Since this missing/unobserved feature is randomly varying from one sample to the next, it appears as if the target variable was changing because of the impact of a random perturbation or noise, even if there was no significant errors made during the data collection process (besides not measuring the unobserved input feature).

One extreme case of this situation could be revealed by the fact that there exist in the dataset duplicated samples with exactly the same input feature values but different values for the target variable.

Apart from these extreme case, it’s hard to know for sure what should qualify or not as noise and which kind of “noise” as introduced above is dominating, without having access to a precise definition of the true (unknown) data generating process. But in practice, the best ways to make our predictive models robust to noise are to avoid overfitting models by:

selecting models that are simple enough or with tuned hyper-parameters as explained in this module;
increasing the number of labeled samples in the training set;
pruning input variables that are unrelated to the target variable (not covered in this MOOC, see: automated Feature Selection and more manual Model inspection);
(advanced) choosing a model with a loss function that is adapted or at least tolerates the noise in the target induced by missing informative input measurements (e.g. quantile regression or specialized functions such as Tweedie regression).

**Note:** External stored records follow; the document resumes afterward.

lemma abs_cross_terms_le:
  fixes p q r A :: real
  assumes "0 < \<alpha>" "\<alpha> \<le> A" "A \<le> \<beta>" "K \<ge> 0" "\<bar>r\<bar> \<le> K * \<bar>p\<bar>"
  shows "\<bar>2 * p * q / A - 2 * q * A * r\<bar> \<le> (1 / \<alpha> + \<beta> * K) * (p\<^sup>2 + q\<^sup>2)"
proof -
  have sq: "2 * \<bar>p\<bar> * \<bar>q\<bar> \<le> p\<^sup>2 + q\<^sup>2"
    using sum_squares_bound[of "\<bar>p\<bar>" "\<bar>q\<bar>"] by (simp add: power2_eq_square)
  have "\<bar>2 * p * q / A\<bar> = 2 * \<bar>p\<bar> * \<bar>q\<bar> / A" using assms by (simp add: abs_mult)
  also have "\<dots> \<le> 2 * \<bar>p\<bar> * \<bar>q\<bar> / \<alpha>"
    using assms by (intro divide_left_mono) auto
  also have "\<dots> \<le> (p\<^sup>2 + q\<^sup>2) / \<alpha>"
    using assms sq by (intro divide_right_mono) auto
  finally have first: "\<bar>2 * p * q / A\<bar> \<le> (p\<^sup>2 + q\<^sup>2) / \<alpha>" .
  have "\<bar>2 * q * A * r\<bar> = A * \<bar>r\<bar> * (2 * \<bar>q\<bar>)" using assms by (simp add: abs_mult)
  also have "\<dots> \<le> \<beta> * (K * \<bar>p\<bar>) * (2 * \<bar>q\<bar>)"
    using assms by (intro mult_mono) auto
  also have "\<dots> = \<beta> * K * (2 * \<bar>p\<bar> * \<bar>q\<bar>)" by simp
  also have "\<dots> \<le> \<beta> * K * (p\<^sup>2 + q\<^sup>2)"
    using assms sq by (intro mult_left_mono) auto
  finally have "\<bar>2 * q * A * r\<bar> \<le> \<beta> * K * (p\<^sup>2 + q\<^sup>2)" .
  then have "\<bar>2 * p * q / A - 2 * q * A * r\<bar> \<le> (p\<^sup>2 + q\<^sup>2) / \<alpha> + \<beta> * K * (p\<^sup>2 + q\<^sup>2)"
    using first abs_triangle_ineq4[of "2 * p * q / A" "2 * q * A * r"] by linarith
  also have "\<dots> = (1 / \<alpha> + \<beta> * K) * (p\<^sup>2 + q\<^sup>2)"
    by (simp add: algebra_simps add_divide_distrib)
  finally show ?thesis .
qed

lemma first_nonpos_point:
  fixes D :: "real \<Rightarrow> real"
  assumes "continuous_on {p..q} D" "p \<le> q" "D p > 0" "D q \<le> 0"
  obtains \<tau> where "p < \<tau>" "\<tau> \<le> q" "D \<tau> \<le> 0" "\<And>s. p \<le> s \<Longrightarrow> s < \<tau> \<Longrightarrow> D s > 0"
proof -
  define Z where "Z = {p..q} \<inter> D -` {..0}"
  have "closed Z" unfolding Z_def by (rule continuous_closed_preimage[OF assms(1)]) auto
  then have "compact Z" unfolding Z_def
    by (meson bounded_Int bounded_closed_interval compact_eq_bounded_closed)
  moreover have "q \<in> Z" using assms unfolding Z_def by auto
  ultimately obtain \<tau> where \<tau>: "\<tau> \<in> Z" "\<And>s. s \<in> Z \<Longrightarrow> \<tau> \<le> s"
    using compact_attains_inf[of Z] by blast
  show ?thesis
  proof (rule that)
    show "p < \<tau>" "\<tau> \<le> q" "D \<tau> \<le> 0" using \<tau>(1) assms(3) unfolding Z_def
      by (auto simp: order.order_iff_strict)
    show "D s > 0" if "p \<le> s" "s < \<tau>" for s
      using \<tau> that unfolding Z_def by force
  qed
qed

section \<open>The problem as a first-order system\<close>

locale symmetric_bvp =
  fixes L m :: real and a a' G g :: "real \<Rightarrow> real"
  assumes L_pos: "L > 0" and m_pos: "m > 0"
    and a_pos: "\<forall>x\<in>{-L..L}. a x > 0"
    and a_even: "\<forall>x\<in>{-L..L}. a (- x) = a x"
    and a_deriv: "\<forall>x\<in>{-L..L}. (a has_real_derivative a' x) (at x within {-L..L})"
    and G_deriv: "\<forall>x. (G has_real_derivative g x) (at x)"
    and G_even: "\<forall>x. G (- x) = G x"
    and g_cont: "continuous_on UNIV g"
    and f_lip: "loc_lipschitz (\<lambda>x. - g x)"
    and a'_nonneg: "\<forall>x\<in>{0<..<L}. a' x \<ge> 0"
    and G_min: "\<forall>x>0. G x \<ge> G m"
    and g_nonpos: "\<forall>x\<in>{0<..<m}. g x \<le> 0"
begin

lemma a_pos_interior: "x \<in> {-L<..<L} \<Longrightarrow> a x > 0"
  using a_pos by auto

lemma a_continuous: "continuous_on {-L..L} a"
  using a_deriv by (auto simp: continuous_on_eq_continuous_within intro: DERIV_continuous)

lemma a_deriv_interior: "x \<in> {-L<..<L} \<Longrightarrow> (a has_real_derivative a' x) (at x)"
  using a_deriv[rule_format, of x] at_within_interior[of x "{-L..L}"] by (simp add: less_imp_le)

lemma a_bounds:
  obtains \<alpha> \<beta> where "0 < \<alpha>" "\<And>x. x \<in> {-L..L} \<Longrightarrow> \<alpha> \<le> a x \<and> a x \<le> \<beta>"
proof -
  have ne: "{-L..L} \<noteq> {}" using L_pos by simp
  obtain x1 where "x1 \<in> {-L..L}" "\<forall>y\<in>{-L..L}. a x1 \<le> a y"
    using continuous_attains_inf[OF compact_Icc ne a_continuous] by blast
  moreover obtain x2 where "\<forall>y\<in>{-L..L}. a y \<le> a x2"
    using continuous_attains_sup[OF compact_Icc ne a_continuous] by blast
  ultimately show ?thesis using a_pos by (intro that[of "a x1" "a x2"]) auto
qed

lemma a'_odd: "x \<in> {-L<..<L} \<Longrightarrow> a' (- x) = - a' x"
  by (rule DERIV_even_imp_odd[of "{-L<..<L}" x a]) (use a_even a_deriv_interior in auto)

lemma a'_nonneg_right: "0 \<le> x \<Longrightarrow> x < L \<Longrightarrow> a' x \<ge> 0"
  using a'_nonneg a'_odd[of 0] L_pos by (cases "x = 0") auto

lemma a_mono: assumes "0 \<le> x" "x \<le> y" "y \<le> L" shows "a x \<le> a y"
proof (rule DERIV_nonneg_imp_increasing_open[OF \<open>x \<le> y\<close>])
  show "continuous_on {x..y} a" using a_continuous
    by (rule continuous_on_subset) (use assms in auto)
qed (use assms a'_nonneg_right L_pos in \<open>auto intro!: exI[of _ "a' _"] a_deriv_interior\<close>)

lemma g_odd: "g (- x) = - g x"
  by (rule DERIV_even_imp_odd[of UNIV x G]) (use G_even G_deriv in auto)

lemma G_continuous: "continuous_on UNIV G"
  using G_deriv by (auto simp: continuous_on_eq_continuous_within intro: DERIV_continuous)

lemma G_ge_G_m: "G x \<ge> G m"
proof -
  have "G 0 \<ge> G m"
  proof (rule continuous_ge_on_closure[of "{0<..}" G])
    show "continuous_on (closure {0<..}) G" using G_continuous continuous_on_subset by blast
  qed (use G_min in auto)
  then show ?thesis
    using G_min[rule_format, of x] G_min[rule_format, of "- x"] G_even[rule_format, of x]
    by (cases x "0::real" rule: linorder_cases) auto
qed

lemma g_eq_0_if_G_eq_G_m: "G c = G m \<Longrightarrow> g c = 0"
  by (rule DERIV_local_min[OF spec[OF G_deriv, of c], of 1]) (use G_ge_G_m in auto)

lemma g_m: "g m = 0" and g_minus_m: "g (- m) = 0"
  using g_eq_0_if_G_eq_G_m[of m] g_odd[of m] by auto

definition flux_system :: "(real \<Rightarrow> real) \<Rightarrow> (real \<Rightarrow> real) \<Rightarrow> (real \<Rightarrow> real) \<Rightarrow> bool" where
  "flux_system u w \<phi> \<longleftrightarrow> (\<forall>x\<in>{-L<..<L}.
     (u has_real_derivative w x / a x) (at x) \<and> (w has_real_derivative - (a x * \<phi> (u x))) (at x))"

lemma flux_systemD:
  assumes "flux_system u w \<phi>" "x \<in> {-L<..<L}"
  shows "(u has_real_derivative w x / a x) (at x)"
    and "(w has_real_derivative - (a x * \<phi> (u x))) (at x)"
  using assms unfolding flux_system_def by auto

lemma flux_system_const: "\<phi> c = 0 \<Longrightarrow> flux_system (\<lambda>_. c) (\<lambda>_. 0) \<phi>"
  unfolding flux_system_def by (auto intro!: derivative_eq_intros)

lemma flux_system_unique:
  assumes sys: "flux_system u1 w1 \<phi>" "flux_system u2 w2 \<phi>"
    and lip: "K-lipschitz_on S \<phi>" "u1 ` {-L<..<L} \<subseteq> S" "u2 ` {-L<..<L} \<subseteq> S"
    and x0: "x0 \<in> {-L<..<L}" "u1 x0 = u2 x0" "w1 x0 = w2 x0" and x: "x \<in> {-L<..<L}"
  shows "u1 x = u2 x \<and> w1 x = w2 x"
proof -
  obtain \<alpha> \<beta> where ab: "0 < \<alpha>" "\<And>x. x \<in> {-L..L} \<Longrightarrow> \<alpha> \<le> a x \<and> a x \<le> \<beta>"
    by (rule a_bounds) blast
  define h where "h y = (u1 y - u2 y)\<^sup>2 + (w1 y - w2 y)\<^sup>2" for y
  define h' where "h' y = 2 * (u1 y - u2 y) * (w1 y - w2 y) / a y
    - 2 * (w1 y - w2 y) * a y * (\<phi> (u1 y) - \<phi> (u2 y))" for y
  have "h x \<le> 0"
  proof (rule gronwall_le_zero[OF _ _ x0(1) x])
    fix y assume y: "y \<in> {-L<..<L}"
    have "a y \<noteq> 0" using a_pos_interior[OF y] by simp
    show "(h has_real_derivative h' y) (at y)"
      unfolding h_def[abs_def] h'_def
      by (rule derivative_eq_intros flux_systemD[OF sys(1) y] flux_systemD[OF sys(2) y] refl)+
         (use \<open>a y \<noteq> 0\<close> in \<open>simp add: field_simps\<close>)
    have "\<bar>\<phi> (u1 y) - \<phi> (u2 y)\<bar> \<le> K * \<bar>u1 y - u2 y\<bar>"
      using lipschitz_onD[OF lip(1), of "u1 y" "u2 y"] lip(2,3) y
        by (simp add: dist_real_def image_subset_iff)
    then show "\<bar>h' y\<bar> \<le> (1 / \<alpha> + \<beta> * K) * h y"
      unfolding h'_def h_def using ab y lipschitz_on_nonneg[OF lip(1)]
      by (intro abs_cross_terms_le) auto
  qed (use x0 in \<open>simp add: h_def\<close>)
  then show ?thesis unfolding h_def by (simp add: sum_power2_le_zero_iff)
qed

lemma flux_zero_imp_constant:
  assumes u: "continuous_on {-L..L} u" "flux_system u w \<phi>" "K-lipschitz_on (u ` {-L..L}) \<phi>"
    and x0: "x0 \<in> {-L<..<L}" "w x0 = 0" "\<phi> (u x0) = 0" and x: "x \<in> {-L..L}"
  shows "u x = u x0"
proof -
  have "u y = u x0" if y: "y \<in> {-L<..<L}" for y
  proof -
    have "u ` {-L<..<L} \<subseteq> u ` {-L..L}" "(\<lambda>_. u x0) ` {-L<..<L} \<subseteq> u ` {-L..L}"
      using x0(1) by auto
    from flux_system_unique[OF u(2) flux_system_const[where \<phi>=\<phi>, OF x0(3)] u(3) this x0(1) _ _ y]
    show ?thesis using x0(2) by simp
  qed
  moreover have "closure {-L<..<L} = {-L..L}" using L_pos by simp
  ultimately show ?thesis
    using continuous_constant_on_closure[of "{-L<..<L}" u "u x0" x] u(1) x by simp
qed

definition bvp_solution :: "(real \<Rightarrow> real) \<Rightarrow> (real \<Rightarrow> real) \<Rightarrow> bool" where
  "bvp_solution u w \<longleftrightarrow>
     continuous_on {-L..L} u \<and> u L = m \<and> u (-L) = - m \<and> flux_system u w (\<lambda>x. - g x)"

lemma is_solution_iff_bvp_solution:
  "is_solution L m a (\<lambda>x. - g x) u \<longleftrightarrow> (\<exists>w. bvp_solution u w)"
proof
  assume "is_solution L m a (\<lambda>x. - g x) u"
  then obtain u' where u: "continuous_on {-L..L} u" "u L = m" "u (-L) = - m"
    and u': "\<forall>x\<in>{-L<..<L}. (u has_real_derivative u' x) (at x)"
    and flux: "\<forall>x\<in>{-L<..<L}. ((\<lambda>y. a y * u' y) has_real_derivative - (a x * - g (u x))) (at x)"
    unfolding is_solution_def by blast
  have "flux_system u (\<lambda>y. a y * u' y) (\<lambda>x. - g x)"
    unfolding flux_system_def
  proof
    fix x assume x: "x \<in> {-L<..<L}"
    have "a x * u' x / a x = u' x" using a_pos_interior[OF x] by simp
    then show "(u has_real_derivative a x * u' x / a x) (at x) \<and>
        ((\<lambda>y. a y * u' y) has_real_derivative - (a x * - g (u x))) (at x)"
      using u' flux x by simp
  qed
  then show "\<exists>w. bvp_solution u w" using u unfolding bvp_solution_def by blast
next
  assume "\<exists>w. bvp_solution u w"
  then obtain w where u: "continuous_on {-L..L} u" "u L = m" "u (-L) = - m"
    and sys: "flux_system u w (\<lambda>x. - g x)"
    unfolding bvp_solution_def by blast
  have "((\<lambda>y. a y * (w y / a y)) has_real_derivative - (a x * - g (u x))) (at x)"
    if x: "x \<in> {-L<..<L}" for x
    by (rule has_field_derivative_transform_within_open[OF flux_systemD(2)[OF sys x],
          of "{-L<..<L}"])
       (use x a_pos_interior in \<open>auto simp: less_imp_neq[symmetric]\<close>)
  then show "is_solution L m a (\<lambda>x. - g x) u"
    unfolding is_solution_def using u flux_systemD(1)[OF sys]
    by (intro conjI exI[of _ "\<lambda>y. w y / a y"]) auto
qed

lemma bvp_solution_reflect:
  assumes "bvp_solution u w"
  shows "bvp_solution (\<lambda>x. - u (- x)) (\<lambda>x. w (- x))"
proof -
  have u: "continuous_on {-L..L} u" "u L = m" "u (-L) = - m"
    and sys: "flux_system u w (\<lambda>x. - g x)"
    using assms unfolding bvp_solution_def by auto
  have "continuous_on {-L..L} (\<lambda>x. u (- x))"
    by (rule continuous_on_compose2[OF u(1)]) (auto intro!: continuous_intros)
  then have cont: "continuous_on {-L..L} (\<lambda>x. - u (- x))" by (intro continuous_intros)
  have "flux_system (\<lambda>x. - u (- x)) (\<lambda>x. w (- x)) (\<lambda>x. - g x)"
    unfolding flux_system_def
  proof
    fix x assume x: "x \<in> {-L<..<L}"
    then have "- x \<in> {-L<..<L}" by auto
    note d = flux_systemD[OF sys this]
    have "((\<lambda>x. - u (- x)) has_real_derivative - (w (- x) / a (- x) * (- 1))) (at x)"
      by (rule derivative_eq_intros DERIV_chain2[where g="\<lambda>y. - y", OF d(1)] | simp)+
    moreover have "((\<lambda>x. w (- x)) has_real_derivative - (a (- x) * - g (u (- x))) * (- 1)) (at x)"
      by (rule DERIV_chain2[where g="\<lambda>y. - y", OF d(2)]) (auto intro!: derivative_eq_intros)
    ultimately show "((\<lambda>x. - u (- x)) has_real_derivative w (- x) / a x) (at x) \<and>
        ((\<lambda>x. w (- x)) has_real_derivative - (a x * - g (- u (- x)))) (at x)"
      using a_even x g_odd by simp
  qed
  with cont u(2,3) show ?thesis unfolding bvp_solution_def by simp
qed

Finally, there can also be errors in the code in charge of performing the data collection or queries in a database. Most of the time, those errors are not random and therefore cannot really qualify as noise but more as an unwanted/unexpected systematic bias in the data acquisition process.

ArturoAmorQ · 23 February 2022 13:13

Thinking about this I came to an example:

Imagine you are trying to model house prices. One variable that will surely impact the price is the surface area, but the price is also affected by whether the selling person is in a rush and decides to sell below the market price. A model will be able to make predictions based on the former variable but not on the latter, so “seller’s rush” can only be regarded as noise and can never be isolated.

ogrisel · 23 February 2022 13:19

@ArturoAmorQ I think both of our replies would benefit from being integrated one way or another in the content of the MOOC. For instance, we could have a dedicated section “What is noise in Machine Learning?” at the end of a notebook.

What do you think?

ArturoAmorQ · 23 February 2022 13:26

I love the idea! Should I tag it for session 3 or for this session?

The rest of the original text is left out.